GOAL OF THE EXERCISE >> Only one portion of the data is to be written out: from the line bearing "(\<forall>c::nat. c >" through the line bearing "v = (\<Sum>m\<in>Poly_Mapping.keys". Write it exactly as it appears.

Stored data:
(* For every positive integer $n$, the pairs $(2n,3n)$ and $(2n,5n)$ are tame; that is, for every integer $c>3n$ there is a tame polynomial automorphism of $\mathbb{C}^3$ with multidegree $(2n,3n,c)$, and for every integer $c>5n$ there is a tame polynomial automorphism of $\mathbb{C}^3$ with multidegree $(2n,5n,c)$.
   Context: For a polynomial automorphism $F=(F_1,\ldots,F_n)$ of $\mathbb{C}^n$, its multidegree is $\operatorname{mdeg}F:=(\deg F_1,\ldots,\deg F_n)$, where $\deg$ is total degree. A map is elementary if it changes one coordinate $X_j$ to $X_j+g$ with $g$ a polynomial in the other variables and fixes the remaining coordinates. A polynomial automorphism is tame if it is a composition of invertible affine-linear maps and elementary maps. A pair $(a,b)$ of positive integers with $a<b$ and $a\nmid b$ is called tame if for every integer $c>b$ there exists a tame polynomial automorphism of $\mathbb{C}^3$ with multidegree $(a,b,c)$. *)

theory Defs
  imports Complex_Main "HOL-Library.Poly_Mapping"
begin

text \<open>Polynomials in the variables X_0, X_1, X_2 over the complex numbers,
  represented as finitely supported maps from exponent vectors to coefficients.\<close>
type_synonym mpoly = "(nat \<Rightarrow>\<^sub>0 nat) \<Rightarrow>\<^sub>0 complex"

type_synonym pt3 = "complex \<times> complex \<times> complex"

definition vars :: "mpoly \<Rightarrow> nat set" where
  "vars p = (\<Union>m\<in>Poly_Mapping.keys p. Poly_Mapping.keys (m :: nat \<Rightarrow>\<^sub>0 nat))"

definition poly3 :: "mpoly \<Rightarrow> bool" where
  "poly3 p \<longleftrightarrow> vars p \<subseteq> {0, 1, 2}"

text \<open>Total degree (the zero polynomial gets degree 0 by convention).\<close>
definition tdeg :: "mpoly \<Rightarrow> nat" where
  "tdeg p = Max (insert 0 ((\<lambda>m. sum (Poly_Mapping.lookup m) (Poly_Mapping.keys m)) ` Poly_Mapping.keys p))"

definition ev3 :: "mpoly \<Rightarrow> pt3 \<Rightarrow> complex" where
  "ev3 p v = (case v of (x, y, z) \<Rightarrow>
     (\<Sum>m\<in>Poly_Mapping.keys p. Poly_Mapping.lookup p m * x ^ Poly_Mapping.lookup m 0 * y ^ Poly_Mapping.lookup m 1 * z ^ Poly_Mapping.lookup m 2))"

definition polymap :: "mpoly \<Rightarrow> mpoly \<Rightarrow> mpoly \<Rightarrow> pt3 \<Rightarrow> pt3" where
  "polymap F1 F2 F3 = (\<lambda>v. (ev3 F1 v, ev3 F2 v, ev3 F3 v))"

definition mdeg :: "mpoly \<Rightarrow> mpoly \<Rightarrow> mpoly \<Rightarrow> nat \<times> nat \<times> nat" where
  "mdeg F1 F2 F3 = (tdeg F1, tdeg F2, tdeg F3)"

definition affine_inv :: "(pt3 \<Rightarrow> pt3) \<Rightarrow> bool" where
  "affine_inv f \<longleftrightarrow> bij f \<and>
     (\<exists>P Q R. poly3 P \<and> poly3 Q \<and> poly3 R \<and> tdeg P \<le> 1 \<and> tdeg Q \<le> 1 \<and> tdeg R \<le> 1
              \<and> f = polymap P Q R)"

definition elementary :: "(pt3 \<Rightarrow> pt3) \<Rightarrow> bool" where
  "elementary f \<longleftrightarrow> (\<exists>j g. j \<in> {0, 1, 2} \<and> vars g \<subseteq> {0, 1, 2} - {j} \<and>
     f = (\<lambda>(x, y, z). (if j = 0 then x + ev3 g (x, y, z) else x,
                        if j = 1 then y + ev3 g (x, y, z) else y,
                        if j = 2 then z + ev3 g (x, y, z) else z)))"

inductive_set tame_maps :: "(pt3 \<Rightarrow> pt3) set" where
  tame_id: "id \<in> tame_maps"
| tame_aff: "f \<in> tame_maps \<Longrightarrow> affine_inv g \<Longrightarrow> g \<circ> f \<in> tame_maps"
| tame_elem: "f \<in> tame_maps \<Longrightarrow> elementary g \<Longrightarrow> g \<circ> f \<in> tame_maps"

definition tame_automorphism :: "mpoly \<Rightarrow> mpoly \<Rightarrow> mpoly \<Rightarrow> bool" where
  "tame_automorphism F1 F2 F3 \<longleftrightarrow> poly3 F1 \<and> poly3 F2 \<and> poly3 F3 \<and>
     polymap F1 F2 F3 \<in> tame_maps"

definition tame_pair :: "nat \<Rightarrow> nat \<Rightarrow> bool" where
  "tame_pair a b \<longleftrightarrow> 0 < a \<and> a < b \<and> \<not> a dvd b \<and>
     (\<forall>c::nat. c > b \<longrightarrow> (\<exists>F1 F2 F3. tame_automorphism F1 F2 F3 \<and> mdeg F1 F2 F3 = (a, b, c)))"

end

theory Submission
  imports Defs "HOL-Computational_Algebra.Polynomial"
begin

(*
  For the pairs (2n, 3n) and (2n, 5n) we write down explicit triangular maps
     F1 = x + c z^(2n),   F2 = y + z^b + h(x, z^n),   F3 = z + (F2^2 - F1^m) * F1^k
  (m = 3 resp. m = 5), each a composition of three elementary maps and hence tame.  The
  polynomial h is chosen so that the top-degree parts of F2^2 and F1^m cancel; the remainder
  F2^2 - F1^m then has total degree m n + b, so that deg F3 = m n + b + 2 n k.  Every c > m n
  is of this form with 1 <= b <= 2n, except c = 6 for the pair (2, 5), which is realised by
  F3 = z + F1^3 instead.
*)

definition mon :: "(nat \<Rightarrow>\<^sub>0 nat) \<Rightarrow> pt3 \<Rightarrow> complex" where
  "mon m v = (case v of (x, y, z) \<Rightarrow>
     x ^ Poly_Mapping.lookup m 0 * y ^ Poly_Mapping.lookup m 1 * z ^ Poly_Mapping.lookup m 2)"

lemma ev3_mon: "ev3 p v = (\<Sum>m\<in>Poly_Mapping.keys p. Poly_Mapping.lookup p m * mon m v)"
  by (cases v) (simp add: ev3_def mon_def mult.assoc)

lemma ev3_mon_superset:
  assumes "finite A" "Poly_Mapping.keys p \<subseteq> A"
  shows "ev3 p v = (\<Sum>m\<in>A. Poly_Mapping.lookup p m * mon m v)"
  unfolding ev3_mon
  by (rule sum.mono_neutral_left) (use assms in \<open>auto simp: in_keys_iff\<close>)

lemma mon_add: "mon (a + b) v = mon a v * mon b v"
  by (cases v) (simp add: mon_def lookup_add power_add)

lemma ev3_0 [simp]: "ev3 0 v = 0"
  by (simp add: ev3_mon)

lemma ev3_add [simp]: "ev3 (p + q) v = ev3 p v + ev3 q v"
proof -
  let ?A = "Poly_Mapping.keys p \<union> Poly_Mapping.keys q"
  have "ev3 (p + q) v = (\<Sum>m\<in>?A. Poly_Mapping.lookup (p + q) m * mon m v)"
    by (rule ev3_mon_superset) (auto simp: keys_add)
  also have "\<dots> = (\<Sum>m\<in>?A. Poly_Mapping.lookup p m * mon m v) + (\<Sum>m\<in>?A. Poly_Mapping.lookup q m * mon m v)"
    by (simp add: lookup_add distrib_right sum.distrib)
  also have "\<dots> = ev3 p v + ev3 q v"
    by (simp add: ev3_mon_superset[symmetric])
  finally show ?thesis .
qed

lemma ev3_single [simp]: "ev3 (Poly_Mapping.single m c) v = c * mon m v"
  by (simp add: ev3_mon)

lemma ev3_sum: "finite I \<Longrightarrow> ev3 (\<Sum>i\<in>I. f i) v = (\<Sum>i\<in>I. ev3 (f i) v)"
  by (induction I rule: finite_induct) auto

lemma ev3_uminus [simp]: "ev3 (- p) v = - ev3 p v"
  using minus_unique[of "ev3 p v" "ev3 (- p) v"] ev3_add[of p "- p" v] by simp

lemma ev3_diff [simp]: "ev3 (p - q) v = ev3 p v - ev3 q v"
  using ev3_add[of p "- q" v] by simp

text \<open>Every polynomial is the sum of its terms; this reduces multiplicativity to monomials.\<close>
lemma monomial_expansion:
  "p = (\<Sum>m\<in>Poly_Mapping.keys p. Poly_Mapping.single m (Poly_Mapping.lookup p m))"
  by (rule poly_mapping_eqI) (simp add: lookup_sum lookup_single when_def in_keys_iff)

lemma ev3_single_mult: "ev3 (Poly_Mapping.single a c * q) v = c * mon a v * ev3 q v"
proof -
  have "Poly_Mapping.single a c * q
      = (\<Sum>m\<in>Poly_Mapping.keys q. Poly_Mapping.single (a + m) (c * Poly_Mapping.lookup q m))"
    by (subst monomial_expansion[of q]) (simp add: sum_distrib_left mult_single)
  then have "ev3 (Poly_Mapping.single a c * q) v
      = (\<Sum>m\<in>Poly_Mapping.keys q. c * Poly_Mapping.lookup q m * mon (a + m) v)"
    by (simp add: ev3_sum)
  then show ?thesis
    by (simp add: ev3_mon sum_distrib_left mon_add mult_ac)
qed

SOLUTION TO THE EXERCISE >>
     (\<forall>c::nat. c > b \<longrightarrow> (\<exists>F1 F2 F3. tame_automorphism F1 F2 F3 \<and> mdeg F1 F2 F3 = (a, b, c)))"

end

theory Submission
  imports Defs "HOL-Computational_Algebra.Polynomial"
begin

(*
  For the pairs (2n, 3n) and (2n, 5n) we write down explicit triangular maps
     F1 = x + c z^(2n),   F2 = y + z^b + h(x, z^n),   F3 = z + (F2^2 - F1^m) * F1^k
  (m = 3 resp. m = 5), each a composition of three elementary maps and hence tame.  The
  polynomial h is chosen so that the top-degree parts of F2^2 and F1^m cancel; the remainder
  F2^2 - F1^m then has total degree m n + b, so that deg F3 = m n + b + 2 n k.  Every c > m n
  is of this form with 1 <= b <= 2n, except c = 6 for the pair (2, 5), which is realised by
  F3 = z + F1^3 instead.
*)

definition mon :: "(nat \<Rightarrow>\<^sub>0 nat) \<Rightarrow> pt3 \<Rightarrow> complex" where
  "mon m v = (case v of (x, y, z) \<Rightarrow>
     x ^ Poly_Mapping.lookup m 0 * y ^ Poly_Mapping.lookup m 1 * z ^ Poly_Mapping.lookup m 2)"

lemma ev3_mon: "ev3 p v = (\<Sum>m\<in>Poly_Mapping.keys p. Poly_Mapping.lookup p m * mon m v)"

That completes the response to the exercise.